lemma (in finite_borel_measure) set_integrable_continuous_on_Icc:
  fixes g :: "real \<Rightarrow> real"
  assumes "continuous_on {a..b} g"
  shows "set_integrable M {a..b} g"
proof -
  have "bounded (g ` {a..b})"
    by (intro compact_imp_bounded compact_continuous_image assms compact_Icc)
  then obtain B where B: "B > 0" "\<forall>y\<in>g ` {a..b}. norm y \<le> B"
    unfolding bounded_pos by blast
  have "(\<lambda>x. indicator {a..b} x *\<^sub>R g x) \<in> borel_measurable borel"
    by (rule borel_measurable_continuous_on_indicator[OF _ assms]) simp
  then have "(\<lambda>x. indicator {a..b} x *\<^sub>R g x) \<in> borel_measurable M"
    unfolding measurable_cong_sets[OF M_is_borel refl] .
  moreover have "AE x in M. norm (indicator {a..b} x *\<^sub>R g x) \<le> B"
    using B by (intro AE_I2) (auto simp: indicator_def)
  ultimately show ?thesis
    unfolding set_integrable_def by (intro integrable_const_bound)
qed

lemma set_integrable_max:
  fixes f g :: "'a \<Rightarrow> real"
  assumes "set_integrable M A f" "set_integrable M A g"
  shows "set_integrable M A (\<lambda>x. max (f x) (g x))"
proof -
  have "integrable M (\<lambda>x. max (indicator A x *\<^sub>R f x) (indicator A x *\<^sub>R g x))"
    using assms unfolding set_integrable_def by (rule integrable_max)
  moreover have "(\<lambda>x. indicator A x *\<^sub>R max (f x) (g x))
      = (\<lambda>x. max (indicator A x *\<^sub>R f x) (indicator A x *\<^sub>R g x))"
    by (auto simp: indicator_def)
  ultimately show ?thesis
    unfolding set_integrable_def by simp
qed

lemma sint_diff:
  assumes "set_integrable P S f" "set_integrable P S g" "set_integrable N S f" "set_integrable N S g"
  shows "sint P N S (\<lambda>x. f x - g x) = sint P N S f - sint P N S g"
  using set_integral_diff(2)[OF assms(1,2)] set_integral_diff(2)[OF assms(3,4)]
  by (simp add: sint_def)

lemma sint_add:
  assumes "set_integrable P S f" "set_integrable P S g" "set_integrable N S f" "set_integrable N S g"
  shows "sint P N S (\<lambda>x. f x + g x) = sint P N S f + sint P N S g"
  using set_integral_add(2)[OF assms(1,2)] set_integral_add(2)[OF assms(3,4)]
  by (simp add: sint_def)

lemma sint_cmult: "sint P N S (\<lambda>x. c * f x) = c * sint P N S f"
  by (simp add: sint_def algebra_simps)

lemma sint_const:
  assumes "finite_borel_measure P" "finite_borel_measure N"
  shows "sint P N {a..b} (\<lambda>_. c) = c * smass a b P N"
  using assms
  by (simp add: sint_def smass_def set_integral_const finite_measure.emeasure_finite
      finite_borel_measure.M_is_borel finite_borel_measure_def algebra_simps)

lemma sint_le_of_le_indicator:
  fixes F :: "real \<Rightarrow> real"
  assumes P: "finite_borel_measure P" and N: "finite_borel_measure N"
    and int: "set_integrable P S F" "set_integrable N S F" and T: "T \<in> sets borel" and K: "0 \<le> K"
    and bound: "\<And>x. x \<in> S \<Longrightarrow> 0 \<le> F x \<and> F x \<le> K * indicator T x"
  shows "sint P N S F \<le> K * measure P T"
proof -
  have "0 \<le> (LINT x:S|N. F x)"
    unfolding set_lebesgue_integral_def
    by (rule Bochner_Integration.integral_nonneg) (auto simp: indicator_def bound)
  moreover have "(LINT x:S|P. F x) \<le> (LINT x|P. K * indicator T x)"
    unfolding set_lebesgue_integral_def
  proof (rule integral_mono)
    show "integrable P (\<lambda>x. indicator S x *\<^sub>R F x)" using int(1) by (simp add: set_integrable_def)
    show "integrable P (\<lambda>x. K * indicator T x)"
      using P T by (auto simp: finite_borel_measure.M_is_borel finite_borel_measure_def
          finite_measure.emeasure_finite less_top[symmetric])
    fix x
    show "indicator S x *\<^sub>R F x \<le> K * indicator T x"
      using bound[of x] K by (cases "x \<in> S") (auto simp: indicator_def)
  qed
  moreover have "(LINT x|P. K * indicator T x) = K * measure P T"
    using P T by (simp add: finite_borel_measure.M_is_borel sets_eq_imp_space_eq)
  ultimately show ?thesis unfolding sint_def by linarith
qed

section \<open>Jensen's inequality for Steffensen--Popoviciu measures\<close>

lemma SP_measure_finite_borel:
  assumes "SP_measure a b P N"
  shows "finite_borel_measure P" "finite_borel_measure N"
  using assms
  unfolding SP_measure_def signed_jordan_def finite_borel_measure_def finite_borel_measure_axioms_def
  by auto

lemma SP_measure_sint_nonneg:
  assumes "SP_measure a b P N" "continuous_on {a..b} g" "convex_on {a..b} g"
    "\<And>x. x \<in> {a..b} \<Longrightarrow> 0 \<le> g x"
  shows "0 \<le> sint P N {a..b} g"
  using assms unfolding SP_measure_def by auto

lemma SP_measure_barycenter_le:
  assumes SP: "SP_measure a b P N"
  shows "barycenter a b P N \<le> b"
proof -
  note P = SP_measure_finite_borel(1)[OF SP] and N = SP_measure_finite_borel(2)[OF SP]
  have "0 \<le> sint P N {a..b} (\<lambda>x. b + (-1) * (x - 0))"
    by (rule SP_measure_sint_nonneg[OF SP _ convex_on_affine]) (auto intro!: continuous_intros)
  also have "sint P N {a..b} (\<lambda>x. b + (-1) * (x - 0)) = b * smass a b P N - sint P N {a..b} (\<lambda>x. x)"
    using sint_diff[of P "{a..b}" "\<lambda>_. b" "\<lambda>x. x" N] sint_const[OF P N]
    by (simp add: finite_borel_measure.set_integrable_continuous_on_Icc[OF P]
        finite_borel_measure.set_integrable_continuous_on_Icc[OF N] continuous_on_id)
  finally show ?thesis
    using SP unfolding barycenter_def SP_measure_def by (simp add: divide_le_eq)
qed

lemma SP_measure_sint_sub_barycenter:
  assumes SP: "SP_measure a b P N"
  shows "sint P N {a..b} (\<lambda>x. x - barycenter a b P N) = 0"
proof -
  note P = SP_measure_finite_borel(1)[OF SP] and N = SP_measure_finite_borel(2)[OF SP]
  have "sint P N {a..b} (\<lambda>x. x - barycenter a b P N)
      = sint P N {a..b} (\<lambda>x. x) - barycenter a b P N * smass a b P N"
    using sint_diff[of P "{a..b}" "\<lambda>x. x" "\<lambda>_. barycenter a b P N" N] sint_const[OF P N]
    by (simp add: finite_borel_measure.set_integrable_continuous_on_Icc[OF P]
        finite_borel_measure.set_integrable_continuous_on_Icc[OF N] continuous_on_id)
  then show ?thesis
    using SP unfolding barycenter_def SP_measure_def by simp
qed

text \<open>\<open>max g (secant g t b)\<close> is continuous and convex on \<open>[a, b]\<close> and differs from \<open>g\<close> only on
  \<open>(t, b)\<close>.\<close>

lemma SP_measure_sint_ge_secant_cutoff:
  fixes g :: "real \<Rightarrow> real"
  assumes SP: "SP_measure a b P N" and t: "a \<le> t" "t < b"
    and g: "convex_on {a..b} g" "continuous_on {a..<b} g" and nonneg: "\<And>x. x \<in> {a..b} \<Longrightarrow> 0 \<le> g x"
    and int: "set_integrable P {a..b} g" "set_integrable N {a..b} g"
  shows "- (max (g a) (g b) * measure P {t<..<b}) \<le> sint P N {a..b} g"
proof -
  note P = SP_measure_finite_borel(1)[OF SP] and N = SP_measure_finite_borel(2)[OF SP]
  define K where "K = max (g a) (g b)"
  define \<psi> where "\<psi> x = max (g x) (secant g t b x)" for x
  have \<psi>_left: "\<psi> x = g x" if "x \<in> {a..t}" for x
    using convex_on_secant_le[OF g(1), of t b x] that t by (auto simp: \<psi>_def)
  have \<psi>_right: "\<psi> x = secant g t b x" if "x \<in> {t..b}" for x
    using convex_on_le_secant[OF g(1), of t b x] that t by (auto simp: \<psi>_def)
  have \<psi>_convex: "convex_on {a..b} \<psi>"
    unfolding \<psi>_def[abs_def] by (intro convex_on_max g convex_on_secant convex_real_interval)
  have "continuous_on {a..b} (\<lambda>x. if x \<le> t then g x else secant g t b x)"
  proof (rule continuous_on_cases_le)
    show "continuous_on {x \<in> {a..b}. x \<le> t} g" by (rule continuous_on_subset[OF g(2)]) (use t in auto)
    show "continuous_on {x \<in> {a..b}. t \<le> x} (secant g t b)" by (rule continuous_on_secant)
  qed (use t in \<open>auto intro: continuous_intros\<close>)
  then have \<psi>_cont: "continuous_on {a..b} \<psi>"
    by (rule continuous_on_eq) (auto simp: \<psi>_left \<psi>_right)
  have \<psi>_int: "set_integrable P {a..b} \<psi>" "set_integrable N {a..b} \<psi>"
    using P N \<psi>_cont by (auto intro: finite_borel_measure.set_integrable_continuous_on_Icc)
  have "0 \<le> sint P N {a..b} \<psi>"
    by (rule SP_measure_sint_nonneg[OF SP \<psi>_cont \<psi>_convex]) (use nonneg in \<open>force simp: \<psi>_def\<close>)
  moreover have "sint P N {a..b} (\<lambda>x. \<psi> x - g x) \<le> K * measure P {t<..<b}"
  proof (rule sint_le_of_le_indicator[OF P N])
    show "set_integrable P {a..b} (\<lambda>x. \<psi> x - g x)" "set_integrable N {a..b} (\<lambda>x. \<psi> x - g x)"
      using \<psi>_int int by auto
    show "0 \<le> K" using nonneg[of a] t by (simp add: K_def)
    fix x assume x: "x \<in> {a..b}"
    have "\<psi> x - g x \<le> K" if "x \<in> {t<..<b}"
    proof -
      have "secant g t b x \<le> max (g t) (g b)" using secant_le_max[of t b x g] that by simp
      also have "\<dots> \<le> K" using convex_on_le_max[OF g(1), of t] t by (simp add: K_def)
      finally show ?thesis using \<psi>_right[of x] nonneg[OF x] that by simp
    qed
    moreover have "\<psi> x = g x" if "x \<notin> {t<..<b}"
      using that x t \<psi>_left \<psi>_right[of b] by fastforce
    ultimately show "0 \<le> \<psi> x - g x \<and> \<psi> x - g x \<le> K * indicator {t<..<b} x"
      by (auto simp: \<psi>_def indicator_def)
  qed simp
  moreover have "sint P N {a..b} (\<lambda>x. \<psi> x - g x) = sint P N {a..b} \<psi> - sint P N {a..b} g"
    by (rule sint_diff[OF \<psi>_int(1) int(1) \<psi>_int(2) int(2)])
  ultimately show ?thesis by (simp add: K_def)
qed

○ ○ ○ ○ ○

## [EXERCISE INSTRUCTIONS]
Check the lines above and copy each one that includes "where".

## [ANSWER FOR THE TASK]
  then obtain B where B: "B > 0" "\<forall>y\<in>g ` {a..b}. norm y \<le> B"
  define K where "K = max (g a) (g b)"
  define \<psi> where "\<psi> x = max (g x) (secant g t b x)" for x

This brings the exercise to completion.